TASK OBJECTIVE
Could you print every line from the first one of the records below through the line containing "mdim :: nat", with both included and nothing else?

(Data excerpts)
(* Let $H$ be a finite-dimensional Hopf algebra over $\mathbb{C}$ and $V$ a finite-dimensional left $H$-module. For $\omega\in\mathbb{C}$ with $|\omega|=1$ put $\mathrm{LKer}^{\omega}_V=\{h\in H\mid \sum h_1\otimes h_2\cdot v=\omega\, h\otimes v\ \ \forall v\in V\}$, and $\mathrm{LKer}_V=\mathrm{LKer}^1_V$. Then: (i) if $\mathrm{LKer}^{\omega}_V\neq0$, it is a left coideal of $H$ stable under the left adjoint action $h\cdot a=\sum h_1aS(h_2)$; (ii) $\mathrm{LKer}^{\omega}_V\,\mathrm{LKer}^{\omega'}_V\subset\mathrm{LKer}^{\omega\omega'}_V$; (iii) if $\omega^l=1$ then $\mathrm{LKer}^{\omega}_V\subset\mathrm{LKer}_{V^{\otimes l}}$ (with $H$ acting diagonally on $V^{\otimes l}$); (iv) $\bigoplus_{\omega}\mathrm{LKer}^{\omega}_V$ (sum over all $\omega$ with $|\omega|=1$) is a normal left coideal subalgebra of $H$.
   Context: A left coideal subalgebra of $H$ is called normal if it is stable under the left adjoint action of $H$ on itself, $h\cdot a=\sum h_1aS(h_2)$, where $S$ is the antipode. *)

theory Defs
  imports Complex_Main
begin

text \<open>A finite-dimensional Hopf algebra over the complex numbers is given in coordinates
  with respect to a basis e_0, ..., e_(n-1), where n = hdim H.  Elements of H are coordinate
  vectors (nat => complex) vanishing at indices >= n; elements of a tensor product of two
  spaces are coordinate matrices (nat => nat => complex).
  Conventions:
    e_i e_j = sum_k hmu i j k e_k;  1 = sum_k hunit k e_k;
    Delta(e_k) = sum_{i,j} hdelta k i j (e_i tensor e_j);  eps(e_k) = heps k;
    S(e_k) = sum_i hS k i e_i.\<close>

record hopf =
  hdim   :: nat
  hmu    :: "nat \<Rightarrow> nat \<Rightarrow> nat \<Rightarrow> complex"
  hunit  :: "nat \<Rightarrow> complex"
  hdelta :: "nat \<Rightarrow> nat \<Rightarrow> nat \<Rightarrow> complex"
  heps   :: "nat \<Rightarrow> complex"
  hS     :: "nat \<Rightarrow> nat \<Rightarrow> complex"

text \<open>A finite-dimensional left module with basis w_0, ..., w_(d-1), d = mdim V:
  e_k . w_j = sum_i mrho k i j w_i.\<close>

record hmod =
  mdim :: nat
  mrho :: "nat \<Rightarrow> nat \<Rightarrow> nat \<Rightarrow> complex"

definition vsp :: "nat \<Rightarrow> (nat \<Rightarrow> complex) set" where
  "vsp m = {x. \<forall>k\<ge>m. x k = 0}"

definition bas :: "nat \<Rightarrow> nat \<Rightarrow> complex" where
  "bas i = (\<lambda>k. if k = i then 1 else 0)"

definition mult :: "hopf \<Rightarrow> (nat \<Rightarrow> complex) \<Rightarrow> (nat \<Rightarrow> complex) \<Rightarrow> nat \<Rightarrow> complex" where
  "mult H x y = (\<lambda>k. if k < hdim H then
      (\<Sum>i<hdim H. \<Sum>j<hdim H. x i * y j * hmu H i j k) else 0)"

definition one :: "hopf \<Rightarrow> nat \<Rightarrow> complex" where
  "one H = (\<lambda>k. if k < hdim H then hunit H k else 0)"

definition comult :: "hopf \<Rightarrow> (nat \<Rightarrow> complex) \<Rightarrow> nat \<Rightarrow> nat \<Rightarrow> complex" where
  "comult H x = (\<lambda>i j. if i < hdim H \<and> j < hdim H then
      (\<Sum>k<hdim H. x k * hdelta H k i j) else 0)"

definition counit :: "hopf \<Rightarrow> (nat \<Rightarrow> complex) \<Rightarrow> complex" where
  "counit H x = (\<Sum>k<hdim H. x k * heps H k)"

definition antipode :: "hopf \<Rightarrow> (nat \<Rightarrow> complex) \<Rightarrow> nat \<Rightarrow> complex" where
  "antipode H x = (\<lambda>i. if i < hdim H then (\<Sum>k<hdim H. x k * hS H k i) else 0)"

definition tprod :: "(nat \<Rightarrow> complex) \<Rightarrow> (nat \<Rightarrow> complex) \<Rightarrow> nat \<Rightarrow> nat \<Rightarrow> complex" where
  "tprod x y = (\<lambda>i j. x i * y j)"

definition tmult :: "hopf \<Rightarrow> (nat \<Rightarrow> nat \<Rightarrow> complex) \<Rightarrow> (nat \<Rightarrow> nat \<Rightarrow> complex)
                     \<Rightarrow> nat \<Rightarrow> nat \<Rightarrow> complex" where
  "tmult H t u = (\<lambda>k l. if k < hdim H \<and> l < hdim H then
      (\<Sum>i<hdim H. \<Sum>i'<hdim H. \<Sum>j<hdim H. \<Sum>j'<hdim H.
          t i i' * u j j' * hmu H i j k * hmu H i' j' l) else 0)"

definition mSid :: "hopf \<Rightarrow> (nat \<Rightarrow> nat \<Rightarrow> complex) \<Rightarrow> nat \<Rightarrow> complex" where
  "mSid H t = (\<lambda>k. \<Sum>i<hdim H. \<Sum>j<hdim H.
      t i j * mult H (antipode H (bas i)) (bas j) k)"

WRITTEN ANSWER
(* Let $H$ be a finite-dimensional Hopf algebra over $\mathbb{C}$ and $V$ a finite-dimensional left $H$-module. For $\omega\in\mathbb{C}$ with $|\omega|=1$ put $\mathrm{LKer}^{\omega}_V=\{h\in H\mid \sum h_1\otimes h_2\cdot v=\omega\, h\otimes v\ \ \forall v\in V\}$, and $\mathrm{LKer}_V=\mathrm{LKer}^1_V$. Then: (i) if $\mathrm{LKer}^{\omega}_V\neq0$, it is a left coideal of $H$ stable under the left adjoint action $h\cdot a=\sum h_1aS(h_2)$; (ii) $\mathrm{LKer}^{\omega}_V\,\mathrm{LKer}^{\omega'}_V\subset\mathrm{LKer}^{\omega\omega'}_V$; (iii) if $\omega^l=1$ then $\mathrm{LKer}^{\omega}_V\subset\mathrm{LKer}_{V^{\otimes l}}$ (with $H$ acting diagonally on $V^{\otimes l}$); (iv) $\bigoplus_{\omega}\mathrm{LKer}^{\omega}_V$ (sum over all $\omega$ with $|\omega|=1$) is a normal left coideal subalgebra of $H$.
   Context: A left coideal subalgebra of $H$ is called normal if it is stable under the left adjoint action of $H$ on itself, $h\cdot a=\sum h_1aS(h_2)$, where $S$ is the antipode. *)

theory Defs
  imports Complex_Main
begin

text \<open>A finite-dimensional Hopf algebra over the complex numbers is given in coordinates
  with respect to a basis e_0, ..., e_(n-1), where n = hdim H.  Elements of H are coordinate
  vectors (nat => complex) vanishing at indices >= n; elements of a tensor product of two
  spaces are coordinate matrices (nat => nat => complex).
  Conventions:
    e_i e_j = sum_k hmu i j k e_k;  1 = sum_k hunit k e_k;
    Delta(e_k) = sum_{i,j} hdelta k i j (e_i tensor e_j);  eps(e_k) = heps k;
    S(e_k) = sum_i hS k i e_i.\<close>

record hopf =
  hdim   :: nat
  hmu    :: "nat \<Rightarrow> nat \<Rightarrow> nat \<Rightarrow> complex"
  hunit  :: "nat \<Rightarrow> complex"
  hdelta :: "nat \<Rightarrow> nat \<Rightarrow> nat \<Rightarrow> complex"
  heps   :: "nat \<Rightarrow> complex"
  hS     :: "nat \<Rightarrow> nat \<Rightarrow> complex"

text \<open>A finite-dimensional left module with basis w_0, ..., w_(d-1), d = mdim V:
  e_k . w_j = sum_i mrho k i j w_i.\<close>

record hmod =
  mdim :: nat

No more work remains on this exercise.